NOTICE: First Circuit Local Rule 36.2(b)6 states unpublished opinions may be cited only in related cases.
Ruben Rivera NEGRON, Plaintiff, Appellant,

No. 94-1177

United States Court of Appeals,
First Circuit

August 31, 1994

Appeal from the United States District Court for the District of Puerto Rico [Hon. Carmen Consuelo Cerezo, U.S. District Judge ]

Raymond Rivera Esteves and Juan A. Hernandez Rivera on brief for appellant.

Guillermo Gil, United States Attorney, Maria Hortensia Rios Gandara, Assistant United States Attorney, and Nancy B. Salafia, Assistant Regional Counsel, Department of Health and Human Services, on brief for appellee.

D. Puerto Rico


Before Torruella, Chief Judge, Selya and Cyr, Circuit Judges.

Per Curiam.


Claimant, Ruben Rivera-Negron, challenges the denial of disability benefits.


Mr. Rivera-Negron worked in various laborer and carpentry jobs for many years in Puerto Rico and New York City. He alleged an onset of disability in November, 1990, due to the after effects of an undisplaced fracture of the big toe on his left foot.

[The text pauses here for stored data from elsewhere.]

definition minimal_left_ideal :: "(nat \<times> nat \<Rightarrow> 'k::field) set \<Rightarrow> bool" where
  "minimal_left_ideal L \<longleftrightarrow> left_ideal L \<and> L \<noteq> {jzero} \<and>
     (\<forall>L'. left_ideal L' \<and> L' \<subseteq> L \<longrightarrow> L' = {jzero} \<or> L' = L)"

text \<open>Socle of R as a left module: the sum of all minimal left ideals
  (= smallest left ideal containing all of them).\<close>
definition jsocle :: "(nat \<times> nat \<Rightarrow> 'k::field) set" where
  "jsocle = \<Inter>{J. left_ideal J \<and> (\<forall>L. minimal_left_ideal L \<longrightarrow> L \<subseteq> J)}"

definition poly_in_x :: "'k::field poly \<Rightarrow> (nat \<times> nat \<Rightarrow> 'k)" where
  "poly_in_x p = (\<lambda>(i, j). if i = 0 then coeff p j else 0)"

definition principal_left :: "(nat \<times> nat \<Rightarrow> 'k::field) \<Rightarrow> (nat \<times> nat \<Rightarrow> 'k) set" where
  "principal_left a = {jmul r a | r. r \<in> Jcarrier}"

end

theory Submission
  imports Defs "HOL-Library.Poly_Mapping"
begin

text \<open>
  Write \<open>e = 1 - yx\<close>. Since \<open>xy = 1\<close>, \<open>e\<close> is an idempotent with \<open>xe = 0 = ey\<close>, the elements
  \<open>y\<^sup>i e x\<^sup>j\<close> are matrix units, \<open>1 = (\<Sum>i<N. y\<^sup>i e x\<^sup>i) + y\<^sup>N x\<^sup>N\<close>, and \<open>e R e = K e\<close>. Hence the
  elements killed by some power of \<open>x\<close> form the sum of the minimal left ideals \<open>R e x\<^sup>k\<close>, so they
  lie in the socle; and for every \<open>f\<close>, some \<open>x\<^sup>N f\<close> lies in \<open>K[x]\<close>.

  Given a left ideal \<open>L\<close>, the polynomials \<open>p\<close> with \<open>p(x) \<in> L\<close> form an ideal of \<open>K[x]\<close>, generated
  by some \<open>q\<close>. If \<open>q = 0\<close>, then \<open>L\<close> is killed by powers of \<open>x\<close>. Otherwise let \<open>d = deg q\<close> and
  \<open>\<Sigma> = {s \<in> L. s y\<^sup>d x\<^sup>d = 0}\<close>. For \<open>f \<in> L\<close> with \<open>x\<^sup>N f = g q\<close>, the element \<open>f - y\<^sup>N g(x) q(x)\<close>
  is \<open>x\<close>-torsion, hence a combination \<open>\<Sum> y\<^sup>i e w\<^sub>i(x)\<close> with \<open>e w\<^sub>i(x) \<in> L\<close>; dividing each \<open>w\<^sub>i\<close> by \<open>q\<close>
  leaves remainders of degree \<open>< d\<close>, which \<open>y\<^sup>d x\<^sup>d\<close> annihilates. Conversely \<open>e p(x) y\<^sup>d x\<^sup>d \<noteq> 0\<close>
  whenever \<open>deg p \<ge> d\<close>, which makes the sum \<open>\<Sigma> + R q(x)\<close> direct.
\<close>

section \<open>The Jacobson algebra as a monoid algebra\<close>

text \<open>\<open>B i j\<close> stands for the monomial \<open>y\<^sup>i x\<^sup>j\<close>. The bicyclic monoid is written additively so that
  \<open>bicyclic \<Rightarrow>\<^sub>0 'k\<close> is the monoid algebra, with its ring structure from \<open>Poly_Mapping\<close>.\<close>

datatype bicyclic = B nat nat

instantiation bicyclic :: monoid_add
begin

definition zero_bicyclic where "0 = B 0 0"

fun plus_bicyclic where
  "B i j + B k l = (if j \<le> k then B (i + k - j) l else B i (l + j - k))"

instance
proof
  fix a b c :: bicyclic
  show "a + b + c = a + (b + c)"
    by (cases a; cases b; cases c) auto
  show "0 + a = a" by (cases a) (auto simp: zero_bicyclic_def)
  show "a + 0 = a" by (cases a) (auto simp: zero_bicyclic_def)
qed

end

type_synonym 'k jacobson = "bicyclic \<Rightarrow>\<^sub>0 'k"

definition jconst :: "'k::field \<Rightarrow> 'k jacobson" where
  "jconst c = Poly_Mapping.single 0 c"

definition jx :: "'k::field jacobson" where
  "jx = Poly_Mapping.single (B 0 1) 1"

definition jy :: "'k::field jacobson" where
  "jy = Poly_Mapping.single (B 1 0) 1"

definition je :: "'k::field jacobson" where
  "je = 1 - jy * jx"

lemma poly_mapping_sum_single:
  "f = (\<Sum>m\<in>Poly_Mapping.keys f. Poly_Mapping.single m (Poly_Mapping.lookup f m))"
proof (rule poly_mapping_eqI)
  fix k
  have "Poly_Mapping.lookup (\<Sum>m\<in>Poly_Mapping.keys f. Poly_Mapping.single m (Poly_Mapping.lookup f m)) k
      = (\<Sum>m\<in>Poly_Mapping.keys f. if m = k then Poly_Mapping.lookup f m else 0)"
    unfolding lookup_sum by (auto simp: lookup_single when_def intro: sum.cong)
  also have "\<dots> = Poly_Mapping.lookup f k" by (simp add: in_keys_iff)
  finally show "Poly_Mapping.lookup f k =
      Poly_Mapping.lookup (\<Sum>m\<in>Poly_Mapping.keys f. Poly_Mapping.single m (Poly_Mapping.lookup f m)) k"
    by simp
qed

lemma bicyclic_poly_mapping_eqI:
  "(\<And>i j. Poly_Mapping.lookup f (B i j) = Poly_Mapping.lookup g (B i j)) \<Longrightarrow> f = g"
  by (rule poly_mapping_eqI) (metis bicyclic.exhaust)

lemma jx_mult_jy: "jx * jy = (1::'k::field jacobson)"
  by (simp add: jx_def jy_def mult_single zero_bicyclic_def[symmetric])

lemma jy_power: "jy ^ i = (Poly_Mapping.single (B i 0) 1 :: 'k::field jacobson)"
  by (induction i) (simp_all add: jy_def mult_single zero_bicyclic_def[symmetric])

lemma jx_power: "jx ^ j = (Poly_Mapping.single (B 0 j) 1 :: 'k::field jacobson)"
  by (induction j) (simp_all add: jx_def mult_single zero_bicyclic_def[symmetric])

lemma jconst_mult_single: "jconst c * Poly_Mapping.single m d = Poly_Mapping.single m (c * d)"
  by (simp add: jconst_def mult_single)

lemma single_mult_jconst: "Poly_Mapping.single m d * jconst c = Poly_Mapping.single m (d * c)"
  by (simp add: jconst_def mult_single)

lemma single_B_eq: "Poly_Mapping.single (B i j) c = (jconst c * (jy ^ i * jx ^ j) :: 'k::field jacobson)"
  by (simp add: jy_power jx_power jconst_def mult_single)

lemma jconst_commute: "jconst c * f = f * (jconst c :: 'k::field jacobson)"
proof -
  have "jconst c * f = (\<Sum>m\<in>Poly_Mapping.keys f. jconst c * Poly_Mapping.single m (Poly_Mapping.lookup f m))"
    by (subst poly_mapping_sum_single[of f]) (simp add: sum_distrib_left)
  also have "\<dots> = (\<Sum>m\<in>Poly_Mapping.keys f. Poly_Mapping.single m (Poly_Mapping.lookup f m) * jconst c)"
    by (simp add: jconst_mult_single single_mult_jconst mult.commute)
  also have "\<dots> = f * jconst c"
    by (subst (3) poly_mapping_sum_single[of f]) (simp add: sum_distrib_right)
  finally show ?thesis .
qed

lemma mult_jconst_left_commute: "a * (jconst c * b) = jconst c * (a * (b::'k::field jacobson))"
  by (metis mult.assoc jconst_commute)

lemma jconst_mult: "jconst a * jconst b = (jconst (a * b) :: 'k::field jacobson)"
  by (simp add: jconst_def mult_single)

lemma jconst_0 [simp]: "jconst 0 = (0 :: 'k::field jacobson)"
  by (simp add: jconst_def)

lemma jconst_1 [simp]: "jconst 1 = (1 :: 'k::field jacobson)"
  by (simp add: jconst_def)

lemma lookup_jconst_mult:
  "Poly_Mapping.lookup (jconst c * f) k = c * Poly_Mapping.lookup (f :: 'k::field jacobson) k"
  by (simp add: jconst_def flip: mult_map_scale_conv_mult) (simp add: Poly_Mapping.map.rep_eq when_def)

section \<open>The idempotent \<open>e = 1 - yx\<close> and the matrix units\<close>

lemma jx_mult_je: "jx * je = (0::'k::field jacobson)"
  by (simp add: je_def right_diff_distrib mult.assoc[symmetric] jx_mult_jy)

lemma je_mult_jy: "je * jy = (0::'k::field jacobson)"
  by (simp add: je_def left_diff_distrib mult.assoc jx_mult_jy)

lemma je_idem: "je * je = (je::'k::field jacobson)"
proof -
  have "je * je = je - je * jy * jx" by (simp add: je_def right_diff_distrib mult.assoc)
  then show ?thesis by (simp add: je_mult_jy)
qed

lemma jx_power_mult_jy_power: "jx ^ n * jy ^ n = (1::'k::field jacobson)"
proof (induction n)
  case (Suc n)
  have "jx ^ Suc n * jy ^ Suc n = (jx ^ n * (jx * jy) * jy ^ n :: 'k jacobson)"
    by (subst power_Suc2[of jx], subst power_Suc[of jy]) (simp only: mult.assoc)
  also have "\<dots> = 1" by (simp only: jx_mult_jy mult_1_right Suc.IH)
  finally show ?case .
qed simp

lemma jx_power_mult_jy_power_le: "k \<le> d \<Longrightarrow> jx ^ k * jy ^ d = (jy ^ (d - k) :: 'k::field jacobson)"
proof -
  assume "k \<le> d"
  then have "jy ^ d = (jy ^ k * jy ^ (d - k) :: 'k jacobson)" by (simp flip: power_add)
  then show ?thesis by (simp add: mult.assoc[symmetric] jx_power_mult_jy_power)
qed

lemma jx_power_mult_jy_power_ge: "d \<le> k \<Longrightarrow> jx ^ k * jy ^ d = (jx ^ (k - d) :: 'k::field jacobson)"
proof -
  assume "d \<le> k"
  then have "jx ^ k = (jx ^ (k - d) * jx ^ d :: 'k jacobson)" by (simp flip: power_add)
  then show ?thesis by (simp add: mult.assoc jx_power_mult_jy_power)
qed

lemma jx_power_mult_je: "k > 0 \<Longrightarrow> jx ^ k * je = (0::'k::field jacobson)"
  by (cases k) (simp_all add: power_Suc2 mult.assoc jx_mult_je del: power_Suc)

lemma je_mult_jy_power: "k > 0 \<Longrightarrow> je * jy ^ k = (0::'k::field jacobson)"
  by (cases k) (simp_all add: mult.assoc[symmetric] je_mult_jy)

lemma sum_matrix_units: "(\<Sum>i<N. jy ^ i * je * jx ^ i) + jy ^ N * jx ^ N = (1::'k::field jacobson)"
proof (induction N)
  case (Suc N)
  have "jy ^ N * jx ^ N = jy ^ N * (je + jy * jx) * (jx ^ N :: 'k jacobson)"
    by (simp add: je_def)
  also have "\<dots> = jy ^ N * je * jx ^ N + jy ^ Suc N * jx ^ Suc N"
    by (simp only: distrib_left distrib_right power_Suc2[of jy] power_Suc[of jx] mult.assoc)
  finally have step: "jy ^ N * jx ^ N = jy ^ N * je * jx ^ N + jy ^ Suc N * (jx ^ Suc N :: 'k jacobson)" .
  show ?case
    by (simp only: sum.lessThan_Suc add.assoc Suc.IH flip: step)
qed simp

He maintained that because of pain he was unable to wear heavy shoes required on construction sites where he had previously worked.

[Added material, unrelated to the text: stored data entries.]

lemma topple_source_refill:
  assumes n: "3 \<le> n" and b: "b \<in> {1..n}" and "c b = 0"
    and "1 \<le> c (cyc_pred n b)" and "1 \<le> c (cyc_succ n b)"
  shows "topple n b (add_grain (source_refill n b c) b) = c"
proof -
  show ?thesis
    using assms cyc_neighbours(3-5) [OF n b] by (auto simp: topple_def add_grain_def source_refill_def)
qed

lemma wheel_stable_source_refill:
  assumes n: "3 \<le> n" and stable: "wheel_stable n c" and b: "b \<in> {1..n}"
  shows "wheel_stable n (source_refill n b c)"
  using stable b cyc_neighbours(1,2) [OF n b] unfolding wheel_stable_def source_refill_def
  by (auto simp: less_imp_diff_less)

lemma indeg_bounded_source_refill:
  assumes n: "3 \<le> n" and b: "b \<in> {1..n}" and cb: "c b = 0" and bounded: "indeg_bounded n ori c"
  shows "indeg_bounded n (ori(cyc_pred n b := True, b := False)) (source_refill n b c)"
    (is "indeg_bounded n ?ori' _")
  unfolding indeg_bounded_def
proof
  let ?p = "cyc_pred n b" and ?s = "cyc_succ n b"
  have dist: "?p \<noteq> b" "?s \<noteq> b" "?s \<noteq> ?p" "cyc_pred n ?p \<noteq> ?p" "cyc_pred n ?p \<noteq> b"
    using cyc_neighbours(3-5) [OF n b] cyc_pred_pred_neq [OF n b] by simp_all
  have source: "ori b" "\<not> ori ?p"
    using source_if_zero [OF bounded b cb] by simp_all
  fix v assume v: "v \<in> {1..n}"
  have bound: "in_degree n ori v \<le> c v"
    using bounded v unfolding indeg_bounded_def by blast
  consider "v = b" | "v = ?p" | "v = ?s" | "v \<noteq> b" "v \<noteq> ?p" "v \<noteq> ?s" by blast
  then show "in_degree n ?ori' v \<le> source_refill n b c v"
  proof cases
    case 4
    have "cyc_pred n v \<noteq> ?p" "cyc_pred n v \<noteq> b"
      using 4 cyc_succ_pred [OF v] cyc_succ_pred [OF b] by force+
    then have "in_degree n ?ori' v = in_degree n ori v"
      using 4 by (intro in_degree_cong) auto
    then show ?thesis
      using bound 4 by (simp add: source_refill_def)
  qed (use dist b source bound in \<open>auto simp: source_refill_def in_degree_def\<close>)
qed

lemma exists_predecessor_with_fewer_zeros:
  assumes n: "3 \<le> n" and stable: "wheel_stable n c" and b: "b \<in> {1..n}" and cb: "c b = 0"
    and cp: "c (cyc_pred n b) = 2" and cs: "c (cyc_succ n b) = 2" and bounded: "indeg_bounded n ori c"
  shows "\<exists>c'. wheel_stable n c' \<and> acyclic_orientable n c' \<and>
           mass n c' = mass n c \<and> num_zeros n c' < num_zeros n c \<and> asm_trans n c' c"
proof (intro exI conjI)
  let ?p = "cyc_pred n b" and ?s = "cyc_succ n b" and ?c' = "source_refill n b c"
  have p: "?p \<in> {1..n}" "?p \<noteq> b"
    using cyc_neighbours(1,3) [OF n b] .
  have c': "?c' = c(b := 2, ?p := 1, ?s := 1)"
    using cp cs by (simp add: source_refill_def)
  have full: "3 \<le> add_grain ?c' b b"
    using cyc_neighbours(3,4) [OF n b] unfolding c' add_grain_def by simp
  have restores: "topple n b (add_grain ?c' b) = c"
    using topple_source_refill [where c = c, OF n b cb] cp cs by simp
  show stable': "wheel_stable n ?c'"
    using n stable b by (rule wheel_stable_source_refill)
  show "asm_trans n ?c' c"
    unfolding asm_trans_def using asm_step_topple [where c = "add_grain ?c' b", OF b full] restores stable' stable b
    by auto
  show "mass n ?c' = mass n c"
    using mass_topple [where c = "add_grain ?c' b", OF n b full] mass_add_grain [OF b, of ?c'] restores
    by simp
  have "{v\<in>{1..n}. ?c' v = 0} \<subset> {v\<in>{1..n}. c v = 0}"
    using b cb cp cs unfolding c' by auto
  then show "num_zeros n ?c' < num_zeros n c"
    unfolding num_zeros_def by (rule psubset_card_mono [rotated]) simp
  show "acyclic_orientable n ?c'"
    unfolding acyclic_orientable_def using indeg_bounded_source_refill [OF n b cb bounded] p b
    by (intro exI [of _ "ori(?p := True, b := False)"] conjI bexI [where x = "?p"] bexI [where x = b]) auto
qed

The Administrative Law Judge (ALJ) found that “the claimant did not have an impairment or combination of impairments which … significantly limited his ability to perform basic work-related activities.” The ALJ, therefore, terminated the review process at Step 2, or the severity stage, of the five-step sequential inquiry. See Bowen v. Yuckert, 482 U.S. 137 (1987). The decision of the ALJ became the final decision of the Secretary when the Appeals Council denied review. The claimant appealed to the district court, which affirmed the decision of the Secretary. We also affirm.


The claimant challenges the ALJ’s finding of no severe impairment. In essence, the claimant argues that the ALJ erred in his application of the threshold test of medical severity which was enunciated in McDonald v. Secretary of Health and Human Services, 795 F.2d 1118 (1st Cir. 1986). In McDonald, this court held that the Step 2 severity test is justified as a de minimis screening policy and that the Secretary is not precluded from implementing a threshold test of medical severity to screen out claims that would clearly be disallowed even if vocational factors were considered. Id. at 1121-1126. See also Bowen v. Yuckert, 482 U.S. 137 (1987).

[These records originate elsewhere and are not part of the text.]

text \<open>A symmetric form is hyperbolic (has Lorentzian signature, i.e. at most one positive
  eigenvalue) if it satisfies the reverse Cauchy-Schwarz inequality at every vector of
  positive norm.\<close>
definition hyperbolic :: "'a set \<Rightarrow> ('a \<Rightarrow> 'a \<Rightarrow> real) \<Rightarrow> bool" where
  "hyperbolic N H \<longleftrightarrow>
     (\<forall>z w. 0 < bilin N H z z \<longrightarrow> bilin N H z z * bilin N H w w \<le> (bilin N H z w)^2)"

lemma hyperbolicI:
  assumes sym: "symmetric_on N H" and x_pos: "0 < bilin N H x x"
    and neg: "\<And>z. bilin N H x z = 0 \<Longrightarrow> bilin N H z z \<le> 0"
  shows "hyperbolic N H"
  unfolding hyperbolic_def
proof (intro allI impI)
  fix z w assume z_pos: "0 < bilin N H z z"
  define B where "B = bilin N H"
  have B_sym: "B u v = B v u" for u v unfolding B_def by (rule bilin_sym[OF sym])
  have B_left: "B (\<lambda>a. \<alpha> * u a + \<beta> * v a) w = \<alpha> * B u w + \<beta> * B v w" for \<alpha> \<beta> u v w
    unfolding B_def by (rule bilin_linear_left)
  have B_right: "B w (\<lambda>a. \<alpha> * u a + \<beta> * v a) = \<alpha> * B w u + \<beta> * B w v" for \<alpha> \<beta> u v w
    unfolding B_def by (rule bilin_linear_right)
  have xz: "B x z \<noteq> 0" using neg z_pos unfolding B_def by force
  \<comment> \<open>First the same statement with z in place of x: B is negative semidefinite on z's complement.\<close>
  have z_perp: "B u u \<le> 0" if zu: "B z u = 0" for u
  proof (rule ccontr)
    assume "\<not> B u u \<le> 0"
    define v where "v = (\<lambda>a. B x u * z a + (- B x z) * u a)"
    have "B x v = 0" unfolding v_def B_right by simp
    then have "B v v \<le> 0" using neg unfolding B_def by blast
    moreover have "B v v = (B x u)^2 * B z z + (B x z)^2 * B u u"
      unfolding v_def B_left B_right using zu B_sym[of u z]
      by (simp add: power2_eq_square algebra_simps)
    moreover have "0 \<le> (B x u)^2 * B z z" using z_pos unfolding B_def by simp
    moreover have "0 < (B x z)^2 * B u u" using xz \<open>\<not> B u u \<le> 0\<close> by simp
    ultimately show False by linarith
  qed
  \<comment> \<open>Project w onto the complement of z.\<close>
  define c where "c = B z w / B z z"
  have "B z (\<lambda>a. 1 * w a + (- c) * z a) = 0"
    unfolding B_right c_def using z_pos B_def by simp
  then have "B (\<lambda>a. 1 * w a + (- c) * z a) (\<lambda>a. 1 * w a + (- c) * z a) \<le> 0"
    by (rule z_perp)
  then have "B w w - 2 * c * B z w + c^2 * B z z \<le> 0"
    unfolding B_left B_right using B_sym[of z w] by (simp add: power2_eq_square algebra_simps)
  moreover have "c^2 * B z z = c * B z w" "c * B z w * B z z = (B z w)^2"
    unfolding c_def using z_pos B_def by (simp_all add: power2_eq_square field_simps)
  ultimately have "B w w \<le> c * B z w" by linarith
  then have "B w w * B z z \<le> c * B z w * B z z"
    using z_pos unfolding B_def by (simp add: mult_right_mono)
  then have "B w w * B z z \<le> (B z w)^2" using \<open>c * B z w * B z z = (B z w)^2\<close> by simp
  then show "bilin N H z z * bilin N H w w \<le> (bilin N H z w)^2"
    unfolding B_def by (simp add: mult_ac)
qed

The State Insurance Fund concluded claimant had suffered a “[l]oss of 50% of the GPF [general physical functioning] due to a loss of the large toe in the left foot-secondary articulation.” However, an examination several months later in July 1991 found no remaining abnormality in the toe, no redness or swelling, and full range of motion. Notwithstanding claimant’s complaints of cramps, pain and an inability to tolerate heavy shoes or work boots, the doctor concluded no treatment was merited. The ALJ found claimant unpersuasive regarding his inability to wear heavy shoes, and gave weight to the medical evidence indicating no loss of motion or other signs of abnormality in the toe. In view of the July 1991 medical reports and claimant’s sparse treatment history, the ALJ’s findings are justified and adequately supported by the record.


For the foregoing reasons, we find substantial evidence to support the Secretary’s determination that the claimant does not have any impairment or combination of impairments which significantly limits his ability to perform basic work-related activities. We conclude that review was appropriately terminated at the Step 2 severity level. We have considered all of claimant’s arguments and have found them to be without merit.


Affirmed. See 1st Cir. R. 27.1.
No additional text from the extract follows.